▶ **TASK TO CARRY OUT**
Find the word "pressure" in the listing; pull out each line holding it.

▶ **EXERCISE DATA**
++++++++++++++++++++
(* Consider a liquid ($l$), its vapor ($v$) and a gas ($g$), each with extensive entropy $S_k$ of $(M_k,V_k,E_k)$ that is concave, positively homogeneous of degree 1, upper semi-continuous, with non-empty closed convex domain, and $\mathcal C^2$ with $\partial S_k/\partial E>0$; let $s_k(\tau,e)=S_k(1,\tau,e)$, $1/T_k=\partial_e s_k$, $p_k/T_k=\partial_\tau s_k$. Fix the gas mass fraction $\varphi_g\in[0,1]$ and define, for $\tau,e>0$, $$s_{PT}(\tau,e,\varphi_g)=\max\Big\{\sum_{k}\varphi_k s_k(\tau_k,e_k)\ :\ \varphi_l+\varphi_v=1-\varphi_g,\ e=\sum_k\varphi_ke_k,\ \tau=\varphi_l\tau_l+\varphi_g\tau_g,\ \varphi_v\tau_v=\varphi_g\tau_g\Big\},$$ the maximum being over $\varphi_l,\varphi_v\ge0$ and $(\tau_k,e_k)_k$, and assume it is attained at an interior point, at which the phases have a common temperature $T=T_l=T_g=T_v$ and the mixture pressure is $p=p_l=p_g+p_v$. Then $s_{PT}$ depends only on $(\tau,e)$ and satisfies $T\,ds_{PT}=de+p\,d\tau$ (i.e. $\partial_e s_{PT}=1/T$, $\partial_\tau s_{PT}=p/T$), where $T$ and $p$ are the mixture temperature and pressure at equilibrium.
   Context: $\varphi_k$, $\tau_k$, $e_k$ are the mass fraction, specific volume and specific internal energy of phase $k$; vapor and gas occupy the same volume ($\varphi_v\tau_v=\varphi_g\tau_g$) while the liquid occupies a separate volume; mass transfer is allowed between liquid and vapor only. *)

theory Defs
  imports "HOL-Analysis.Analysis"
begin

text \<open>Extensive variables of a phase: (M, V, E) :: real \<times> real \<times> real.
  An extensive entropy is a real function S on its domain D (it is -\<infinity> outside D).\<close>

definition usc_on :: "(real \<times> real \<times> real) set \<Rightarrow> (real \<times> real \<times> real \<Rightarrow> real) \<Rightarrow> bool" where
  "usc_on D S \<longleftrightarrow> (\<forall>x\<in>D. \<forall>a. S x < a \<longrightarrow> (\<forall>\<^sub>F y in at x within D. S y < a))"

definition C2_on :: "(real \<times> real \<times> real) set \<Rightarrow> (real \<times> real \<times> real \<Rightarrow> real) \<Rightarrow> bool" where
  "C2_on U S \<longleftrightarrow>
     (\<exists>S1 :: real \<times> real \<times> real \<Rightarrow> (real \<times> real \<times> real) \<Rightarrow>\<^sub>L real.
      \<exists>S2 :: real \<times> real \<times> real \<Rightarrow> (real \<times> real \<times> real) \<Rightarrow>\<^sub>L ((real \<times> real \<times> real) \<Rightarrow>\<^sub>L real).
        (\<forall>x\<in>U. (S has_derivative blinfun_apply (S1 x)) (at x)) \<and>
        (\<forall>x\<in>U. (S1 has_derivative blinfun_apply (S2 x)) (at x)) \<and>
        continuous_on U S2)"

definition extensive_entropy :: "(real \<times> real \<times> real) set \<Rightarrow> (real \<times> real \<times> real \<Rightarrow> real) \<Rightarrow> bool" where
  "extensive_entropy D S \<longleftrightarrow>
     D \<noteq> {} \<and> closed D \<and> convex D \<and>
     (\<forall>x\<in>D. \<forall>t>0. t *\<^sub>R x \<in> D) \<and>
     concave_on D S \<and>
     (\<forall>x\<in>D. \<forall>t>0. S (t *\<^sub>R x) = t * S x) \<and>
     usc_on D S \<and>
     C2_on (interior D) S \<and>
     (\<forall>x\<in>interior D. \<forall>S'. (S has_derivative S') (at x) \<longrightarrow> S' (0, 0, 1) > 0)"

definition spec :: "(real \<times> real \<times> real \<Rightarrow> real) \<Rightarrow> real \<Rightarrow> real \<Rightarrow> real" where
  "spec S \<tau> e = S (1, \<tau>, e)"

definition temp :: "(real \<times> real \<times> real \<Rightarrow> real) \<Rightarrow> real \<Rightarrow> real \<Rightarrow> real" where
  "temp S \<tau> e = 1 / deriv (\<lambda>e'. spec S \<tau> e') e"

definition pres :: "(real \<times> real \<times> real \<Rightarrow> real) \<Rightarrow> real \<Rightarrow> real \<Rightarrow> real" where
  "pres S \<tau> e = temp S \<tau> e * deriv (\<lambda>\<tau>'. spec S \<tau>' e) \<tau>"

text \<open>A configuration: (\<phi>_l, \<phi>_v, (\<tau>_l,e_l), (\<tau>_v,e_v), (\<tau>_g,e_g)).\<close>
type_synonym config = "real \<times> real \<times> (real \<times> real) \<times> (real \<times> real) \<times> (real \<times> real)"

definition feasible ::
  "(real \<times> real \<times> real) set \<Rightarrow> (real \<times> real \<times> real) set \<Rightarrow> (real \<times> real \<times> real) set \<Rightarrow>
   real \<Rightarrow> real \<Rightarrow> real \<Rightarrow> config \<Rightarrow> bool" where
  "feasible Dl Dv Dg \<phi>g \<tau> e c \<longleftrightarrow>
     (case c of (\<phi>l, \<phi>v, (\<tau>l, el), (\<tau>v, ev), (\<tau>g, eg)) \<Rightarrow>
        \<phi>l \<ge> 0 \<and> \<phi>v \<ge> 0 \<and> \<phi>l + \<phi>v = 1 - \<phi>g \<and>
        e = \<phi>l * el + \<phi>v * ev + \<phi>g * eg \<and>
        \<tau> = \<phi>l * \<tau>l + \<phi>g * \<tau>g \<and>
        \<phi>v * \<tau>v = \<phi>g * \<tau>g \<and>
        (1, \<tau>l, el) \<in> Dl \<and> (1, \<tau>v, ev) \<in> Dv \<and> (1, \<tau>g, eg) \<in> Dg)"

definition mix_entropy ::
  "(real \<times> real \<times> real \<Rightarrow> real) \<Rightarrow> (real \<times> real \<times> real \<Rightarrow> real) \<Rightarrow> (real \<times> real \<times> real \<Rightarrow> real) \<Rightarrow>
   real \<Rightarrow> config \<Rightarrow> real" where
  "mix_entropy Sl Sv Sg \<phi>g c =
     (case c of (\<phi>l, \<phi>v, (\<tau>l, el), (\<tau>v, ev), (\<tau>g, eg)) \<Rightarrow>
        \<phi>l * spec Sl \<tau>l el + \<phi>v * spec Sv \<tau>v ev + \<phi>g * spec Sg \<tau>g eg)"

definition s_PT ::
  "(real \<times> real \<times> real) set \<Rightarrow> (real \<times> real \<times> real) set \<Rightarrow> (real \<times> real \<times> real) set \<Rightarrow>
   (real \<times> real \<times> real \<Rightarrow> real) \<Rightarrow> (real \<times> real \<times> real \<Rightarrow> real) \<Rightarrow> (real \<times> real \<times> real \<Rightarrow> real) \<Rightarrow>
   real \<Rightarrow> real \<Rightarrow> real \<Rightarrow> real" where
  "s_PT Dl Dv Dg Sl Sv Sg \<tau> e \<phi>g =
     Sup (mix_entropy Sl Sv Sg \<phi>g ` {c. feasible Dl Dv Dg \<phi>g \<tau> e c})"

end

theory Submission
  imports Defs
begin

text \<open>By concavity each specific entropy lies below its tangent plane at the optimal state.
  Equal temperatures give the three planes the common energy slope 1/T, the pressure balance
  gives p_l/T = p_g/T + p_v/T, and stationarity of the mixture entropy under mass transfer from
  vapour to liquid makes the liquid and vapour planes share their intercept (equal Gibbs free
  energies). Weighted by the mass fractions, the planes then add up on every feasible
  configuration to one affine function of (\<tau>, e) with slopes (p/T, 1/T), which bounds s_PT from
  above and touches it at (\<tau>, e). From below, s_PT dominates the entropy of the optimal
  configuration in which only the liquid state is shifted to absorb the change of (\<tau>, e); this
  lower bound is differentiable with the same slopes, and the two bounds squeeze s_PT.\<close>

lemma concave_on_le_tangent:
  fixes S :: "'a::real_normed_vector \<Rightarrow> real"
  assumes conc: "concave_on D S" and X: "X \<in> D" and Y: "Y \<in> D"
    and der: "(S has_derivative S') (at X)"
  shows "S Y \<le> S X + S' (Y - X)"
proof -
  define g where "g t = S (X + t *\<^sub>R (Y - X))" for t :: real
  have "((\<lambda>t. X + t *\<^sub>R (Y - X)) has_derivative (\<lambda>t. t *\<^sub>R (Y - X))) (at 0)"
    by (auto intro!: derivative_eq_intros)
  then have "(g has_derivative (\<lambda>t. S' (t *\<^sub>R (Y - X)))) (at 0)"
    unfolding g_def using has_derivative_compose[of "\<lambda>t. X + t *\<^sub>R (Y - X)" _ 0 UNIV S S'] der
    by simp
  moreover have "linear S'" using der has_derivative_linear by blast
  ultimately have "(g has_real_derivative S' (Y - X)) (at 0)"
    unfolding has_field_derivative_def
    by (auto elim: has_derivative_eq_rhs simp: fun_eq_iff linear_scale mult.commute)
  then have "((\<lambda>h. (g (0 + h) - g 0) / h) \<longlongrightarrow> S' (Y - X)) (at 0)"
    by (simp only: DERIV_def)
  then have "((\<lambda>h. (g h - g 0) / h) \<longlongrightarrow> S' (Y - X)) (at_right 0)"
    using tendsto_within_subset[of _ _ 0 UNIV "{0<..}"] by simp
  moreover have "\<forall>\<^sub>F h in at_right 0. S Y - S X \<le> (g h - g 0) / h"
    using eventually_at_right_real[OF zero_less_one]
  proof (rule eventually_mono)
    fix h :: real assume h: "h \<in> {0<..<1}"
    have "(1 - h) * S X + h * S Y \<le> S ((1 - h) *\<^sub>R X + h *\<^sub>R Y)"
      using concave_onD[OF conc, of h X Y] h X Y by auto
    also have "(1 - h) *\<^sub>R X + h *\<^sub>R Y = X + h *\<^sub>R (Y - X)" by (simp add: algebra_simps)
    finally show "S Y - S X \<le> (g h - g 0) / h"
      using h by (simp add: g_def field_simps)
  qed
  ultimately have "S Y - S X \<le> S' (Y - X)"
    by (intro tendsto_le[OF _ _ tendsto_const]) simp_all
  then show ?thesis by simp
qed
++++++++++++++++++++
▶ **RESPONSE BOX**
(* Consider a liquid ($l$), its vapor ($v$) and a gas ($g$), each with extensive entropy $S_k$ of $(M_k,V_k,E_k)$ that is concave, positively homogeneous of degree 1, upper semi-continuous, with non-empty closed convex domain, and $\mathcal C^2$ with $\partial S_k/\partial E>0$; let $s_k(\tau,e)=S_k(1,\tau,e)$, $1/T_k=\partial_e s_k$, $p_k/T_k=\partial_\tau s_k$. Fix the gas mass fraction $\varphi_g\in[0,1]$ and define, for $\tau,e>0$, $$s_{PT}(\tau,e,\varphi_g)=\max\Big\{\sum_{k}\varphi_k s_k(\tau_k,e_k)\ :\ \varphi_l+\varphi_v=1-\varphi_g,\ e=\sum_k\varphi_ke_k,\ \tau=\varphi_l\tau_l+\varphi_g\tau_g,\ \varphi_v\tau_v=\varphi_g\tau_g\Big\},$$ the maximum being over $\varphi_l,\varphi_v\ge0$ and $(\tau_k,e_k)_k$, and assume it is attained at an interior point, at which the phases have a common temperature $T=T_l=T_g=T_v$ and the mixture pressure is $p=p_l=p_g+p_v$. Then $s_{PT}$ depends only on $(\tau,e)$ and satisfies $T\,ds_{PT}=de+p\,d\tau$ (i.e. $\partial_e s_{PT}=1/T$, $\partial_\tau s_{PT}=p/T$), where $T$ and $p$ are the mixture temperature and pressure at equilibrium.
  Equal temperatures give the three planes the common energy slope 1/T, the pressure balance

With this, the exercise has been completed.